How does a fruitcake bakery make that kind of money in the first place?

They're really good fruitcakes. My father's family had kind of a tradition of buying them (specifically Collins Street, I mean, not the crappy little things you find at the drug store) at Christmas and I imagine other families do, too. And they sell other stuff - cookies and cheesecakes and coffee.
posted by dilettante at 2:55 PM on January 1, 2016 [4 favorites]


mwhybark, I respect your opinion, but in this piece I took the mention of the diamond ring as indicative of Jenkins' affection (even as a youth) for the finer things, and his obsession with his hair as demonstrative of his vanity -- in fact, the hair thing made me think of none other than Donald Trump. I thought the writer was using these details to show Jenkins' motivations for embezzling such a massive amount of money rather than to hint he's effeminate.
posted by katie at 3:07 PM on January 1, 2016 [1 favorite]

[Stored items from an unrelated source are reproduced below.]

definition admissible ::
  "'w measure \<Rightarrow> (real \<Rightarrow> 'w measure) \<Rightarrow> (real \<Rightarrow> 'w \<Rightarrow> real) \<Rightarrow> real \<Rightarrow> real \<Rightarrow> real \<Rightarrow>
   real \<Rightarrow> real \<Rightarrow> real \<Rightarrow> real \<Rightarrow> (real \<Rightarrow> real \<Rightarrow> 'w \<Rightarrow> real) \<Rightarrow>
   (real \<Rightarrow> real \<Rightarrow> real \<Rightarrow> real) \<Rightarrow> bool" where
  "admissible M F W mu1 mu2 sig d1 d2 a lam Pf \<pi> \<longleftrightarrow>
     control_ok a \<pi> \<and>
     (\<forall>x\<ge>0. \<forall>p\<in>{0<..<1}.
        (\<exists>X. surplus_sol M F W mu1 mu2 sig a (Pf p) \<pi> x X) \<and>
        (\<forall>X Y. surplus_sol M F W mu1 mu2 sig a (Pf p) \<pi> x X \<longrightarrow>
               surplus_sol M F W mu1 mu2 sig a (Pf p) \<pi> x Y \<longrightarrow>
               (AE \<omega> in M. \<forall>t\<ge>0. X t \<omega> = Y t \<omega>)) \<and>
        (let X = (SOME X. surplus_sol M F W mu1 mu2 sig a (Pf p) \<pi> x X) in
          (\<integral>\<^sup>+\<omega>. (\<integral>\<^sup>+t. indicator (alive X \<omega>) t * ennreal (disc d1 d2 (Pf p) t \<omega>)
                       * Habs lam a \<pi> (X t \<omega>) (Pf p t \<omega>) \<partial>lborel) \<partial>M) < \<top>))"

definition value_fn ::
  "'w measure \<Rightarrow> (real \<Rightarrow> 'w measure) \<Rightarrow> (real \<Rightarrow> 'w \<Rightarrow> real) \<Rightarrow> real \<Rightarrow> real \<Rightarrow> real \<Rightarrow>
   real \<Rightarrow> real \<Rightarrow> real \<Rightarrow> real \<Rightarrow> (real \<Rightarrow> real \<Rightarrow> 'w \<Rightarrow> real) \<Rightarrow> real \<Rightarrow> real \<Rightarrow> ereal" where
  "value_fn M F W mu1 mu2 sig d1 d2 a lam Pf x p =
     (SUP \<pi>\<in>{\<pi>. admissible M F W mu1 mu2 sig d1 d2 a lam Pf \<pi>}.
        ereal (Jobj M F W mu1 mu2 sig d1 d2 a lam Pf \<pi> x p))"

end

theory Submission
  imports Defs
begin

text \<open>
  With equal discount rates the discount factor is \<open>exp (- \<delta> t)\<close>, so the objective of a control is
  the expected integral of its running reward \<open>H\<close> against \<open>exp (- \<delta> t) dt\<close> up to ruin.
  By Gibbs' variational inequality every Gibbs control earns \<open>H \<le> f_\<lambda>(0)\<close>, with equality for
  the state-independent control \<open>G(u,1)\<close>. Writing \<open>K(T) = \<integral>\<^sub>0\<^sup>T exp (- \<delta> t) dt\<close>, this gives
  \<open>f_\<lambda>(0) E[K(T\<^sub>x)] \<le> V(x,p) = J(x,p;\<pi>\<^sup>*) \<le> f_\<lambda>(0) E[K(T\<^sup>*\<^sub>x)]\<close> for the ruin times \<open>T\<^sub>x\<close>
  and \<open>T\<^sup>*\<^sub>x\<close> of the two controls. Since controls are bounded by \<open>a\<close>, the surplus started at \<open>x\<close>
  dominates \<open>x + c t + \<sigma> W\<^sub>t\<close> for a constant \<open>c\<close>; so both ruin times tend to infinity almost surely as \<open>x \<rightarrow> \<infinity>\<close>,
  and by dominated convergence both bounds tend to \<open>f_\<lambda>(0) / \<delta>\<close>.
\<close>

section \<open>Gibbs densities\<close>

lemma f_lam_zero: "f_lam lam a 0 = lam * ln (lam * (exp (a / lam) - 1))"
  by (simp add: f_lam_def)

lemma gibbs_pos:
  assumes "lam > 0" "a > 0"
  shows "gibbs lam a u s > 0"
proof (cases "s = 0")
  case False
  have "0 < s / (lam * (exp (a * s / lam) - 1))"
    using False assms
    by (cases "s > 0") (auto simp: zero_less_divide_iff zero_less_mult_iff mult_less_0_iff divide_less_0_iff)
  moreover have "gibbs lam a u s = exp (u * s / lam) * (s / (lam * (exp (a * s / lam) - 1)))"
    using False by (simp add: gibbs_def)
  ultimately show ?thesis
    by (metis exp_gt_zero mult_pos_pos)
qed (use assms in \<open>simp add: gibbs_def\<close>)

lemma continuous_on_gibbs:
  assumes "lam > 0" "a > 0"
  shows "continuous_on A (\<lambda>u. gibbs lam a u s)"
proof (cases "s = 0")
  case False
  then have "lam * (exp (a * s / lam) - 1) \<noteq> 0"
    using assms by simp
  then show ?thesis
    using False by (auto simp: gibbs_def intro!: continuous_intros)
qed (simp add: gibbs_def)

lemma continuous_on_gibbs_reward:
  assumes "lam > 0" "a > 0"
  shows "continuous_on A (\<lambda>u. (u - lam * ln (gibbs lam a u s)) * gibbs lam a u s)"
  using gibbs_pos[OF assms] by (auto intro!: continuous_intros continuous_on_gibbs[OF assms] simp: less_imp_neq[symmetric])
(* For every $x\ge0$, $$J_0(\sqrt2x)-2J_0(x)+1=\frac{2}{\pi}\int_0^{\pi/2}\bigl(1-\cos(x\cos t)\bigr)\bigl(1-\cos(x\sin t)\bigr)\,dt.$$ In particular $J_0(\sqrt2x)-2J_0(x)+1\ge0$ for all $x\ge0$. Consequently, for all $r,\theta_2,\sigma>0$, $\alpha\in(0,2)$, $b\in(0,1/2)$ and $\kappa,\eta\in\mathbb R$, the quantity $$g_{r,\alpha}(\vartheta)=\frac{\sigma^2\psi_{r,\alpha}(\theta_2)}{(1-2b)^2}\int_b^{1-b}\!\int_b^{1-b}e^{-\kappa y-\eta z}\,dy\,dz$$ is strictly positive.
   Context: $J_0$ denotes the Bessel function of the first kind of order $0$, i.e. $J_0(x)=\frac{2}{\pi}\int_0^{\pi/2}\cos(x\cos t)\,dt$. For $r,\alpha,\theta_2>0$, $$\psi_{r,\alpha}(\theta_2)=\frac{2}{\theta_2\pi}\int_0^\infty\frac{1-e^{-x^2}}{x^{1+2\alpha}}\Bigl(J_0\bigl(\tfrac{\sqrt2rx}{\sqrt{\theta_2}}\bigr)-2J_0\bigl(\tfrac{rx}{\sqrt{\theta_2}}\bigr)+1\Bigr)dx,$$ and $\vartheta=(\kappa,\eta,\theta_2,\sigma^2)$. *)

theory Defs
  imports "HOL-Analysis.Analysis"
begin

definition J0 :: "real \<Rightarrow> real" where
  "J0 x = 2 / pi * integral {0..pi/2} (\<lambda>t. cos (x * cos t))"

definition psi :: "real \<Rightarrow> real \<Rightarrow> real \<Rightarrow> real" where
  "psi r \<alpha> \<theta>2 = 2 / (\<theta>2 * pi) *
     (LINT x:{0<..}|lborel. (1 - exp (- (x\<^sup>2))) / x powr (1 + 2 * \<alpha>) *
        (J0 (sqrt 2 * r * x / sqrt \<theta>2) - 2 * J0 (r * x / sqrt \<theta>2) + 1))"

text \<open>g_{r,alpha}(vartheta) with vartheta = (kappa, eta, theta2, sigma^2) and parameter b.\<close>
definition g :: "real \<Rightarrow> real \<Rightarrow> real \<Rightarrow> real \<times> real \<times> real \<times> real \<Rightarrow> real" where
  "g r \<alpha> b \<theta>v = (case \<theta>v of (\<kappa>, \<eta>, \<theta>2, s2) \<Rightarrow>
     s2 * psi r \<alpha> \<theta>2 / (1 - 2 * b)\<^sup>2 *
     (LBINT z=b..(1 - b). (LBINT y=b..(1 - b). exp (- \<kappa> * y - \<eta> * z))))"

end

I'm wondering, did he want to get caught? His spending was so outrageously conspicuous. If the accountant--the ACCOUNTANT-- who makes 50k annually is all of a sudden buying multiply cars/houses, dressing to the nines, flying around in private jets, outbidding his employer at charity events, wouldn't you just be a bit suspicious?

If you work in a financial institution, your yearly training generally outlines red flags for embezzlement that look pretty much exactly like this. Maybe fruitcake companies don't have that kind of training?
posted by bunderful at 3:11 PM on January 1, 2016


Yeah, I did not see effeminency but of a yearning for something more. His is a story of being thwarted and doing what was expected e.g., wanting to go into the funeral business and being pushed to business administration.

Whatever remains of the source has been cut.